The policy engine is divided into two main components:
- the front end that parses the access request extracting the targets it requires to execute
- the core that retrives the policy, builds an in memory representation and evaluates the access request based on the policy
The front end understands the access request and extracts the targets from it.
Multiple front ends can suit the policy engine pipeline. Currently, an implementation of a SQL front end has been implemented.
The SQL front end is implemented on top of sqlparse [2]. It supports a rich SQL query syntax. The following partial grammar description shows the supported syntax for SELECT statements.
SELECT [DISTINCT|ALL] expression+
FROM tableExpression+
[WHERE expression]
[GROUP BY expression+ [HAVING expression]]
[ORDER BY (expression [ASC|DESC] [NULLS [FIRST|LAST]])+]
An acces request like:
SELECT CardHolder.Name FROM CardHolder
is parsed using sqlparse to produce the parse tree representation:
The tree is then enriched, to identify and isolate the targets of the query:
{"CardHolder": {"Name"}}
Finally, the targets are converted to an intermediary language-agnostic representation that is the input of the policy engine core using metadata.
{"http://bank.eu/finance/CardHolder": {"Name"}}
The policy engine core reads all the available policies (either from a repository or from sticky metadata), and creates an in-memory policy graph (using RDFLib [3]).
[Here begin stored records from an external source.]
lemma recursive_fn_bounded_sum:
  assumes "recursive_fn (Suc n) (\<lambda>zs. f (zs!0) (tl zs))"
  shows "recursive_fn (Suc n) (\<lambda>xs. \<Sum>y<xs!0. f y (tl xs))"
proof (rule recursive_fn_prim_rec[where g="\<lambda>_. 0" and h="\<lambda>x r ys. r + f x ys"])
  have "recursive_fn (Suc (Suc n)) (\<lambda>zs. f (zs!0) (tl (map ((!) zs) (0 # [2..<Suc (Suc n)]))))"
    using recursive_fn_select[of "0 # [2..<Suc (Suc n)]" "\<lambda>zs. f (zs!0) (tl zs)"] assms
    by (simp del: upt_Suc)
  then have "recursive_fn (Suc (Suc n)) (\<lambda>zs. f (zs!0) (drop 2 zs))"
    by (rule recursive_fn_cong) (auto intro!: arg_cong[where f="f _"] nth_equalityI simp del: upt_Suc)
  then show "recursive_fn (Suc (Suc n)) (\<lambda>zs. zs!1 + f (zs!0) (drop 2 zs))"
    by (intro recursive_fn_add recursive_fn_proj) simp_all
qed (simp_all add: recursive_fn_const)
A SPARQL query is then used to traverse the graph during evaluation.
The SPARQL query used to traverse the policy graph is:
PREFIX odrl: <https://www.w3.org/ns/odrl/2/>
PREFIX mosaicrown: <https://www.mosaicrown.eu/ns/mosaicrown/1/>
SELECT DISTINCT ?rule
WHERE {
?policy ?predicate ?rule .
?rule odrl:assignee ?assigneeRec .
?assignee mosaicrown:belongsTo* ?assigneeRec .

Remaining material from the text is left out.